## Data extracted from a collection
☆ ☆ ☆ ☆ ☆
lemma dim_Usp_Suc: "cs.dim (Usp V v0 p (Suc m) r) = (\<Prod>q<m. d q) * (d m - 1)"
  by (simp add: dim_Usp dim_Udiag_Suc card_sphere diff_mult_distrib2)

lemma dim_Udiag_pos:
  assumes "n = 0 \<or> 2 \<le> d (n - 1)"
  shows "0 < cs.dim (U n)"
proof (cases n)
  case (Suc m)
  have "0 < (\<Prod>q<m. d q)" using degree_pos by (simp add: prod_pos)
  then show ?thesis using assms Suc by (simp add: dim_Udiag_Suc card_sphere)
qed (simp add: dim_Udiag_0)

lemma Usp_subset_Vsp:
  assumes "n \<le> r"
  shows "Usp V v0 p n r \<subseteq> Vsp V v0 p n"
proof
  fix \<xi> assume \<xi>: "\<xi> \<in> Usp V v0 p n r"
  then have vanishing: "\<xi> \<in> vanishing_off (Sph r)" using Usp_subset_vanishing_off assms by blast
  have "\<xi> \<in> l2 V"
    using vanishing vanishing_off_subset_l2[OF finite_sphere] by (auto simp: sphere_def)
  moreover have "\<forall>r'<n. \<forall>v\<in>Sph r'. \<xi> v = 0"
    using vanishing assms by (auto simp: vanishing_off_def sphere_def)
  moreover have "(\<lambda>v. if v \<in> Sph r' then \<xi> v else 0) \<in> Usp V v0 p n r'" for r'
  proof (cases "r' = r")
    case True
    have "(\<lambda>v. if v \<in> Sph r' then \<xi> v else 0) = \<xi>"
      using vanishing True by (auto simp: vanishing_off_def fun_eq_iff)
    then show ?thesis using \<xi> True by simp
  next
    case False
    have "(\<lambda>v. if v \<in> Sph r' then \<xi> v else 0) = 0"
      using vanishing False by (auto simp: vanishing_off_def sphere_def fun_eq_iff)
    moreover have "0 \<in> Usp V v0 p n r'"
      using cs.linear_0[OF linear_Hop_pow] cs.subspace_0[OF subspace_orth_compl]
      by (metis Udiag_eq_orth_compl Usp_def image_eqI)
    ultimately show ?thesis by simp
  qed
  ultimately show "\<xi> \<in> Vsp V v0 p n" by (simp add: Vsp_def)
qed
☆ ☆ ☆ ☆ ☆
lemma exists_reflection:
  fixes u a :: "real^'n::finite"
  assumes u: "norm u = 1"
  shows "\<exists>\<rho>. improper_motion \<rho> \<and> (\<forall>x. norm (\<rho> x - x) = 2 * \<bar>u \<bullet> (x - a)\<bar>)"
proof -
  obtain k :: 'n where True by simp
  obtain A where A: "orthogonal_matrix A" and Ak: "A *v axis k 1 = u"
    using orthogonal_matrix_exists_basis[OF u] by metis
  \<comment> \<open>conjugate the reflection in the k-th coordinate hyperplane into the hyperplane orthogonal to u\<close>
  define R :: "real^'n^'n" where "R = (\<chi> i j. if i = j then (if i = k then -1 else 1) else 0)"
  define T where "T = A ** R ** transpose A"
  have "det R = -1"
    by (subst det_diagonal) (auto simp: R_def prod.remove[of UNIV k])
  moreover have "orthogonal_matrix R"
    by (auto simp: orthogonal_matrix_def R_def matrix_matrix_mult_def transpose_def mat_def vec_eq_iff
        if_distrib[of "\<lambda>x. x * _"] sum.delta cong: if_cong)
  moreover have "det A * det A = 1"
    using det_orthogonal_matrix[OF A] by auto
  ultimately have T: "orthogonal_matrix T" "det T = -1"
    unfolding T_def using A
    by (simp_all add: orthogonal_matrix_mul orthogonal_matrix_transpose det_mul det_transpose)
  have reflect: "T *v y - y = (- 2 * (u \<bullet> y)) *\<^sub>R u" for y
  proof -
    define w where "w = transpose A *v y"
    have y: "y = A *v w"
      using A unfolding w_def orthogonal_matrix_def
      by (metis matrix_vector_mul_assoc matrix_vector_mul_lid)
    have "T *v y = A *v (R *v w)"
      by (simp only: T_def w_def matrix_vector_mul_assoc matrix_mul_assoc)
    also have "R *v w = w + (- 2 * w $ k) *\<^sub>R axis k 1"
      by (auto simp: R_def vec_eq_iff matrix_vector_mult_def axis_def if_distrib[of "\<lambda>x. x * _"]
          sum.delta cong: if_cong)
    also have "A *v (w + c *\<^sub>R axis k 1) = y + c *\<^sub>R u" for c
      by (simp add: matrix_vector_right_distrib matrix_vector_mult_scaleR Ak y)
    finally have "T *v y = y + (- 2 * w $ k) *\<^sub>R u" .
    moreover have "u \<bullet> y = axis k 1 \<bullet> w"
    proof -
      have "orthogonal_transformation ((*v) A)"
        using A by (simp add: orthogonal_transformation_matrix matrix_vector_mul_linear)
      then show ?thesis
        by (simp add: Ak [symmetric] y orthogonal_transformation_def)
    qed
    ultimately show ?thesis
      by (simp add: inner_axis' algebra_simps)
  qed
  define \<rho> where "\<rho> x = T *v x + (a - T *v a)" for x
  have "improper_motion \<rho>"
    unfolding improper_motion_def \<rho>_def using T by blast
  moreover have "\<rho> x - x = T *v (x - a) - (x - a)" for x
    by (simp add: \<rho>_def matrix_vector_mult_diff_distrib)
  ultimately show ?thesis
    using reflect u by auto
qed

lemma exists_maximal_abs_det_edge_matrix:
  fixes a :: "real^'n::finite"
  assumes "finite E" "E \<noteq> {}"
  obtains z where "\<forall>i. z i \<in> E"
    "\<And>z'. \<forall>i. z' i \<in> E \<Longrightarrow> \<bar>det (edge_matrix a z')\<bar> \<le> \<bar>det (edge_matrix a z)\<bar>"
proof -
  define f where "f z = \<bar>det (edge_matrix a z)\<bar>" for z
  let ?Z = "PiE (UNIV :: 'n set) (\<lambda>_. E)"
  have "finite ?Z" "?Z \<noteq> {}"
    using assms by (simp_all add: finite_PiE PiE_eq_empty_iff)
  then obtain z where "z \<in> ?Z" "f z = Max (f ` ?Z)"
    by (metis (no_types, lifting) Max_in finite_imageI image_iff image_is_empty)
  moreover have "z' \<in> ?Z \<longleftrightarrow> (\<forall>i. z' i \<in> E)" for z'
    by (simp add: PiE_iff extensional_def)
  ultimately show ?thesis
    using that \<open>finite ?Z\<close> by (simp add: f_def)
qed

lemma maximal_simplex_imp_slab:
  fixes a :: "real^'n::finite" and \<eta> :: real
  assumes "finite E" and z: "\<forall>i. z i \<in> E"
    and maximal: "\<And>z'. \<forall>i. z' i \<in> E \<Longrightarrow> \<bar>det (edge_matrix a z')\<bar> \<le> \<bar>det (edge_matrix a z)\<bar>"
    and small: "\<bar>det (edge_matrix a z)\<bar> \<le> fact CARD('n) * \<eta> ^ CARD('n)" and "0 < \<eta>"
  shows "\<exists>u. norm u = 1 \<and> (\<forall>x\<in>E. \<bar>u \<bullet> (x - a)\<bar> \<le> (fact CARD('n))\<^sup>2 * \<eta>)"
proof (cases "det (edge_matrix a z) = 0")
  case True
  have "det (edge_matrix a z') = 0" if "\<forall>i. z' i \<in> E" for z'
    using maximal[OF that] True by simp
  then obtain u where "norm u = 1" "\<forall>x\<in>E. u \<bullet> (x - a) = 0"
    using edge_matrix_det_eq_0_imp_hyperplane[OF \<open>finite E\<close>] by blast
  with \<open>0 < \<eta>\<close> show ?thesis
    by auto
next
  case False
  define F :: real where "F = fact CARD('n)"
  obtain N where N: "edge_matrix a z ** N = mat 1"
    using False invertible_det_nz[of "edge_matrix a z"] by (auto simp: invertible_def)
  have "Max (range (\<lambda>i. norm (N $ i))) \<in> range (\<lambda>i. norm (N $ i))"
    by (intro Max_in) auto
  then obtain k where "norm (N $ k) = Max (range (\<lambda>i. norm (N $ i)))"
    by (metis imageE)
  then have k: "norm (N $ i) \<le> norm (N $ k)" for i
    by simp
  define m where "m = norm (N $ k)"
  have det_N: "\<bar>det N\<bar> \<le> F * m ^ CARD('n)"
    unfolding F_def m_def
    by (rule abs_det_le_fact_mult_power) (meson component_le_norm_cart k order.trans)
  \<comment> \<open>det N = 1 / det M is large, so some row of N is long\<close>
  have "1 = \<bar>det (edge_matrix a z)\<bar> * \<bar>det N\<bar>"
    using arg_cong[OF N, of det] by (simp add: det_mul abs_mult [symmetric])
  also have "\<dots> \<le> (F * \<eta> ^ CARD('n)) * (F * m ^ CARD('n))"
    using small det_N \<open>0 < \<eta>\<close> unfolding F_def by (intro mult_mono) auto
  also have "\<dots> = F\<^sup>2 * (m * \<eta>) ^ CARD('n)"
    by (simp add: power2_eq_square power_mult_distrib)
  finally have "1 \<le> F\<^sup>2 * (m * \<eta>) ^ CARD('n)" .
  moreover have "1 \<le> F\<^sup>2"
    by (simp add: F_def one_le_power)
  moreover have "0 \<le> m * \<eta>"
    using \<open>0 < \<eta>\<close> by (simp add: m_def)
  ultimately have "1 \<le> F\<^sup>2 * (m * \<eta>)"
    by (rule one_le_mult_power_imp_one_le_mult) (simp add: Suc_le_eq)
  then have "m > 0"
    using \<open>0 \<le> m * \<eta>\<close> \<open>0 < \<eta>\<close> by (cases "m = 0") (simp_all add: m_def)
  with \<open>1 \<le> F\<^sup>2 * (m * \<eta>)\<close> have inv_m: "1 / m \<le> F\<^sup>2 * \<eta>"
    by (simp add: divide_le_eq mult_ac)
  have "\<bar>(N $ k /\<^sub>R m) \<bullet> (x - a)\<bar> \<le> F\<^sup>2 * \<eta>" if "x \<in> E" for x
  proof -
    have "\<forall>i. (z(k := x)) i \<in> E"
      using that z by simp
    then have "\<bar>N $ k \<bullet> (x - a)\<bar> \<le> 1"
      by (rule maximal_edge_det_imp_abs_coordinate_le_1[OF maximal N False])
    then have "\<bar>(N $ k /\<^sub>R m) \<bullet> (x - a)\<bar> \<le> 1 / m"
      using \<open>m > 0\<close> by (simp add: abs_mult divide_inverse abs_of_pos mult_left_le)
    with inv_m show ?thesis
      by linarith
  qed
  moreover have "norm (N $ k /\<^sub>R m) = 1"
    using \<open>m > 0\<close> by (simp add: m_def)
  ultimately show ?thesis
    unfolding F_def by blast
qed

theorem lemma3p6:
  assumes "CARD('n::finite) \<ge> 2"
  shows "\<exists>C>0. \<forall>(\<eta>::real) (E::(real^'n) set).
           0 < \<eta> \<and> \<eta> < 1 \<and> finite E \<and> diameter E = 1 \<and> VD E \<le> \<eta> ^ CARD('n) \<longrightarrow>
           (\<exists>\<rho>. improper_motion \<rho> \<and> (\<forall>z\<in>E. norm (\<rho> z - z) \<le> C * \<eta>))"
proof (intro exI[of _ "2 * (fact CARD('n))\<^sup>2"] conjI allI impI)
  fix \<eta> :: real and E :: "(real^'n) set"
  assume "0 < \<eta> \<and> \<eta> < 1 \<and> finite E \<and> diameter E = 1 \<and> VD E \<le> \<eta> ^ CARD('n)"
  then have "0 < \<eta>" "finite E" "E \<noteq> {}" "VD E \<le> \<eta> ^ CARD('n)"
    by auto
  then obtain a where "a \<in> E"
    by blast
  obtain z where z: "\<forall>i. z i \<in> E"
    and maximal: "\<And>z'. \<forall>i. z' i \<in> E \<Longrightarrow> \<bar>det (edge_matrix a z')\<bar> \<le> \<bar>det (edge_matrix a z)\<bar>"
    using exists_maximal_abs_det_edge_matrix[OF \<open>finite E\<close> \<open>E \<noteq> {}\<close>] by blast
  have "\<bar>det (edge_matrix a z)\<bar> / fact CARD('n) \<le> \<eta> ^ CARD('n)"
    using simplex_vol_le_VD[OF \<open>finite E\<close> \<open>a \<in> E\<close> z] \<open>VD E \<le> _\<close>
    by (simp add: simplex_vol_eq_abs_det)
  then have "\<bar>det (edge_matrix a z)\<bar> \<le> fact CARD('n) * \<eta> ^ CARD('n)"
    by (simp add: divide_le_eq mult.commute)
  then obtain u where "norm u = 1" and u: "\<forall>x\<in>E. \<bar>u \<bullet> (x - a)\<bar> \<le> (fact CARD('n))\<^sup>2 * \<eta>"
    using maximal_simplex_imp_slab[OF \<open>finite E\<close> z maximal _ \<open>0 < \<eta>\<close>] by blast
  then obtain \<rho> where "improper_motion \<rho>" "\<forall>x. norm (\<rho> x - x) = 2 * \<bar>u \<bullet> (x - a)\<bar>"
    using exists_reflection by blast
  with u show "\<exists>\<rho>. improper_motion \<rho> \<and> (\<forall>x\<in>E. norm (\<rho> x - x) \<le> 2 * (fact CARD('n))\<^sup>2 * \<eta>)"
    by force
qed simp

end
☆ ☆ ☆ ☆ ☆
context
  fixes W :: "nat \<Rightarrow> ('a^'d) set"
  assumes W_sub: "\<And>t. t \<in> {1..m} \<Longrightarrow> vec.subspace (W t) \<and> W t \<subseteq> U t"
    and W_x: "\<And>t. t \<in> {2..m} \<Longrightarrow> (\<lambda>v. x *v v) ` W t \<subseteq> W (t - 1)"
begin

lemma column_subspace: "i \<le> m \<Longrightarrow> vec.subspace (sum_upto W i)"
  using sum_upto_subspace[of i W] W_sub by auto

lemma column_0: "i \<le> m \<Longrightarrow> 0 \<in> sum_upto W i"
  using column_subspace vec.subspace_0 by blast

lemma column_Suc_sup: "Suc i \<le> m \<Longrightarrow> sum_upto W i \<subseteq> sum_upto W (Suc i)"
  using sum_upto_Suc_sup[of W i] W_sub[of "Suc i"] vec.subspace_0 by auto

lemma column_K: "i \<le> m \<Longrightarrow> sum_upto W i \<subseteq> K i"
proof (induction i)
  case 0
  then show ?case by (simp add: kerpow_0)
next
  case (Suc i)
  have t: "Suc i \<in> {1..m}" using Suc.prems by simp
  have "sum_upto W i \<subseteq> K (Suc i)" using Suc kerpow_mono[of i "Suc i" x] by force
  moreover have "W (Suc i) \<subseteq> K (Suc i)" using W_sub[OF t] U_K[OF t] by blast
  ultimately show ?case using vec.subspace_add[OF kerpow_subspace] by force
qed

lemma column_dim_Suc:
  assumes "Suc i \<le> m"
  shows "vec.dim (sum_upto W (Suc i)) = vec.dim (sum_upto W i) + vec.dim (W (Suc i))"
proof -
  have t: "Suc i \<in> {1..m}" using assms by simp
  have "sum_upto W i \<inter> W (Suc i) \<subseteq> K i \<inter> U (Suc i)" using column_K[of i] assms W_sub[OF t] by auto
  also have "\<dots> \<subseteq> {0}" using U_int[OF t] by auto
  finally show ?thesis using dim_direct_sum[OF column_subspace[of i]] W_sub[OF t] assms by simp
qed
☆ ☆ ☆ ☆ ☆
## WHAT IS NEEDED
Above are the entries. Copy exactly the part that opens with the line containing "by (simp add: divide_le_eq mult.commute)" and closes with the line containing "using exists_reflection by blast", and no more.

## SOLUTION TO THE PROBLEM
    by (simp add: divide_le_eq mult.commute)
  then obtain u where "norm u = 1" and u: "\<forall>x\<in>E. \<bar>u \<bullet> (x - a)\<bar> \<le> (fact CARD('n))\<^sup>2 * \<eta>"
    using maximal_simplex_imp_slab[OF \<open>finite E\<close> z maximal _ \<open>0 < \<eta>\<close>] by blast
  then obtain \<rho> where "improper_motion \<rho>" "\<forall>x. norm (\<rho> x - x) = 2 * \<bar>u \<bullet> (x - a)\<bar>"
    using exists_reflection by blast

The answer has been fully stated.